**Prompt:**
I'd like an exact copy of every line from the start of the entries below through the line containing "and d_b(x @", please.

**Input material:**

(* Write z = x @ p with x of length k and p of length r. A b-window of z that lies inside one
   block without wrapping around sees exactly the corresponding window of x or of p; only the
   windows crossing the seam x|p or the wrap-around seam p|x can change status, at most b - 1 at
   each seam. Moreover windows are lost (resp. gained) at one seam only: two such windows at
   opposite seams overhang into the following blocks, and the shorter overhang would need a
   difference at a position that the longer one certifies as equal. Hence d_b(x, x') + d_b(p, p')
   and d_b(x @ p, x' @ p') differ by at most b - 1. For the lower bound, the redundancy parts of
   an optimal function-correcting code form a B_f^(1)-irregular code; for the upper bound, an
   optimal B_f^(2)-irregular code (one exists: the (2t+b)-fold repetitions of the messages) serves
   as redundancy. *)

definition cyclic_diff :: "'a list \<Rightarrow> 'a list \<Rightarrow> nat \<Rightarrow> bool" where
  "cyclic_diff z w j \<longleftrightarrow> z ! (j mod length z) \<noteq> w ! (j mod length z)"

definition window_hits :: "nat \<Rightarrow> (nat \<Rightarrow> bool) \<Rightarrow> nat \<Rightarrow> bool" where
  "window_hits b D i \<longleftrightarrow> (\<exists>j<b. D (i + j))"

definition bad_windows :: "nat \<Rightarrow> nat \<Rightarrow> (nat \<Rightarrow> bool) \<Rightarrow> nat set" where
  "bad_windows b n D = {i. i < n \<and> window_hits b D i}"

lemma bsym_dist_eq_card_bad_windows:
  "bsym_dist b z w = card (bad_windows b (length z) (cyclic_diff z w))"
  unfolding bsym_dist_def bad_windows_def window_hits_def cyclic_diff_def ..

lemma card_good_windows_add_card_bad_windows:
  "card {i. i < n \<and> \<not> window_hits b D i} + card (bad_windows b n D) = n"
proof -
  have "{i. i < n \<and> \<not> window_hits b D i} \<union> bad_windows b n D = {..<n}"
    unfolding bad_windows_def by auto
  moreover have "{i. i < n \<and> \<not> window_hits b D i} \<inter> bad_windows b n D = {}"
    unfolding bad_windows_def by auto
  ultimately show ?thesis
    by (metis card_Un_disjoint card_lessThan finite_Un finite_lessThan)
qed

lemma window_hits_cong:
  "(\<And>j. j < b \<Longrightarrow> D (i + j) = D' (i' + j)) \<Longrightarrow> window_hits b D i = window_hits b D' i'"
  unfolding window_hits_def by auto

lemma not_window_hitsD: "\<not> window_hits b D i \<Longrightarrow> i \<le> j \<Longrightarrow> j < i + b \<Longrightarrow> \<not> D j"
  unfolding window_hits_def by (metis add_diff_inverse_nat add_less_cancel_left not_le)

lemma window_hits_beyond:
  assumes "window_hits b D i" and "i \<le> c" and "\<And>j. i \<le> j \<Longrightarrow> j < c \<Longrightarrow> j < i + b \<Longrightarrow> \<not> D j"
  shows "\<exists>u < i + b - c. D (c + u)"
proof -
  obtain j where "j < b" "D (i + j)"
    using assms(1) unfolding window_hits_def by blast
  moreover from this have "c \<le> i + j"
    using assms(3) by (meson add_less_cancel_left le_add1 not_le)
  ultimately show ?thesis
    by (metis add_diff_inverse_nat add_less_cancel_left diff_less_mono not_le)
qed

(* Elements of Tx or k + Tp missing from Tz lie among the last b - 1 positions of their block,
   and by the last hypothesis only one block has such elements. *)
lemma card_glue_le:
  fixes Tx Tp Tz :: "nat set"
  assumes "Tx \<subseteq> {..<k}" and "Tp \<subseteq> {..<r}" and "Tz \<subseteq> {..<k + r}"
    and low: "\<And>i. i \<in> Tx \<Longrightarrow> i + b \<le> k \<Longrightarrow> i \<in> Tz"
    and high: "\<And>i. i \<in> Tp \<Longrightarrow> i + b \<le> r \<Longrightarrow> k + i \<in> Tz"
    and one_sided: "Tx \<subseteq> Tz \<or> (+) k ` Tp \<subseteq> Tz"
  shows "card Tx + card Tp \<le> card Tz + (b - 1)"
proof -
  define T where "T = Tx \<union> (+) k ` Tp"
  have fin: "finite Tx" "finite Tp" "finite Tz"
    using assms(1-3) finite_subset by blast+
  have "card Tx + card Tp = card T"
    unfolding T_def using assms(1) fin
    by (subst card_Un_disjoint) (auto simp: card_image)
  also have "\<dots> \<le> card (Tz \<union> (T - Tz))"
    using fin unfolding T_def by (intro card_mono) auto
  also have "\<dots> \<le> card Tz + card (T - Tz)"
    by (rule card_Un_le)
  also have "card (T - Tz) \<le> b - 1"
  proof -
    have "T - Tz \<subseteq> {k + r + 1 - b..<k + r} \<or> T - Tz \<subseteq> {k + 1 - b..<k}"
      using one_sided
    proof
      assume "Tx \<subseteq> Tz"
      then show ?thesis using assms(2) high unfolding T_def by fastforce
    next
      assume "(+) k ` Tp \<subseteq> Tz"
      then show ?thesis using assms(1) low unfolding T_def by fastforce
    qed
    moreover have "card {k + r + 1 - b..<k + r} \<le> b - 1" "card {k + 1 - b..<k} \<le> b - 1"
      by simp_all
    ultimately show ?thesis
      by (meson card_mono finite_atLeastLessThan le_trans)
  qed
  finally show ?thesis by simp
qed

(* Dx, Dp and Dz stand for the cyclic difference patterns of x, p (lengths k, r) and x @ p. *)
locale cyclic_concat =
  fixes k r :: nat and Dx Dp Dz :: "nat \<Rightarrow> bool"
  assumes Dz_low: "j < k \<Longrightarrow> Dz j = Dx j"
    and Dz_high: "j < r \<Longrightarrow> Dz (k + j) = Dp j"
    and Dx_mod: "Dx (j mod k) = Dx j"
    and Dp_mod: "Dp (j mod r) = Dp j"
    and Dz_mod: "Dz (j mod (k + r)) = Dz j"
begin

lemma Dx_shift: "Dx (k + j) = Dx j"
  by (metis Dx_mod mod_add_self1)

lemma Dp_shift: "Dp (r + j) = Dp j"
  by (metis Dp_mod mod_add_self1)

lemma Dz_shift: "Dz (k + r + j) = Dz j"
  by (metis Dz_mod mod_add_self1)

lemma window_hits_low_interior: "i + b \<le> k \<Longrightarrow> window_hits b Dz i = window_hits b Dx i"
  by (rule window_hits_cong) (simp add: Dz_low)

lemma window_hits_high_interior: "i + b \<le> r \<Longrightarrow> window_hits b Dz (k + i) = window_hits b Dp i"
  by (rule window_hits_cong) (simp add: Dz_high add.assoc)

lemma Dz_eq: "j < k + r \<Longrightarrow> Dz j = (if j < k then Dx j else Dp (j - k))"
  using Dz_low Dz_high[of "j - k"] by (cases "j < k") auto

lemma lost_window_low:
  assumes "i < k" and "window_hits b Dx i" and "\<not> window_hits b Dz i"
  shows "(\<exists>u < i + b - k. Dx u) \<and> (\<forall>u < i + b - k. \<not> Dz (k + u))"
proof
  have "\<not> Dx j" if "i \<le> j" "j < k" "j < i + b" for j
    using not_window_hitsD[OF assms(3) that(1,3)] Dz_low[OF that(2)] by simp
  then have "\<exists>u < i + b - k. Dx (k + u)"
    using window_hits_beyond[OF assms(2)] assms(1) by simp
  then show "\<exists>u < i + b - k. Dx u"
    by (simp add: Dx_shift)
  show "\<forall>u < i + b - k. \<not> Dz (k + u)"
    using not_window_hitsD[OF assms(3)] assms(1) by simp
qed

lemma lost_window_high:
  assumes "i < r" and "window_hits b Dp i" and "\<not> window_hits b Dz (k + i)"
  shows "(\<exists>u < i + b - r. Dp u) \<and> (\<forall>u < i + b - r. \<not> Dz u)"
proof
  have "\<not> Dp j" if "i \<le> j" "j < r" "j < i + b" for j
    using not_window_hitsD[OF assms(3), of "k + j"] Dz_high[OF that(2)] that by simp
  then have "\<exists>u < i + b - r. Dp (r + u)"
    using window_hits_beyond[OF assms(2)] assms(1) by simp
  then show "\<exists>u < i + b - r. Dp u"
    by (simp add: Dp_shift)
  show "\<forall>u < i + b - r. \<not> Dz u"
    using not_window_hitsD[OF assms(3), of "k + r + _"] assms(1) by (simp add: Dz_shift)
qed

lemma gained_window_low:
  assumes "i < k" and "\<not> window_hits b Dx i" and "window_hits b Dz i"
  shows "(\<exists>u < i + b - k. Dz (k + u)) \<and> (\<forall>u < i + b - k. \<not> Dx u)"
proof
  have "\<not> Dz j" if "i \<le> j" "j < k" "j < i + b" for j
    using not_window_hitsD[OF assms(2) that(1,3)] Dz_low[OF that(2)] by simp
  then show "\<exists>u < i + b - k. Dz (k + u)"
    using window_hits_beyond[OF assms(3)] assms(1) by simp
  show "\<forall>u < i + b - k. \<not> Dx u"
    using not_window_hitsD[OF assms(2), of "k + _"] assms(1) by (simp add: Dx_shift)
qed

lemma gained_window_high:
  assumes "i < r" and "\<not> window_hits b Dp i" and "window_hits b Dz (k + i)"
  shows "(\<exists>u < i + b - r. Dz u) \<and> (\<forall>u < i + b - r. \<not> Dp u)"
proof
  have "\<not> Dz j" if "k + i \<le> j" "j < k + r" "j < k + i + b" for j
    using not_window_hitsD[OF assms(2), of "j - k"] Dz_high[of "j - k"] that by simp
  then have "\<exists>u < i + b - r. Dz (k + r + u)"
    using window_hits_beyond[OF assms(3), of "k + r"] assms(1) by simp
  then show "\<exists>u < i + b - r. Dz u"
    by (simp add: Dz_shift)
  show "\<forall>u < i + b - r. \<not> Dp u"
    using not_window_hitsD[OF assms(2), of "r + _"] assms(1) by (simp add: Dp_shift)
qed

**Task result:**
(* Write z = x @ p with x of length k and p of length r. A b-window of z that lies inside one
   block without wrapping around sees exactly the corresponding window of x or of p; only the
   windows crossing the seam x|p or the wrap-around seam p|x can change status, at most b - 1 at
   each seam. Moreover windows are lost (resp. gained) at one seam only: two such windows at
   opposite seams overhang into the following blocks, and the shorter overhang would need a
   difference at a position that the longer one certifies as equal. Hence d_b(x, x') + d_b(p, p')
   and d_b(x @ p, x' @ p') differ by at most b - 1. For the lower bound, the redundancy parts of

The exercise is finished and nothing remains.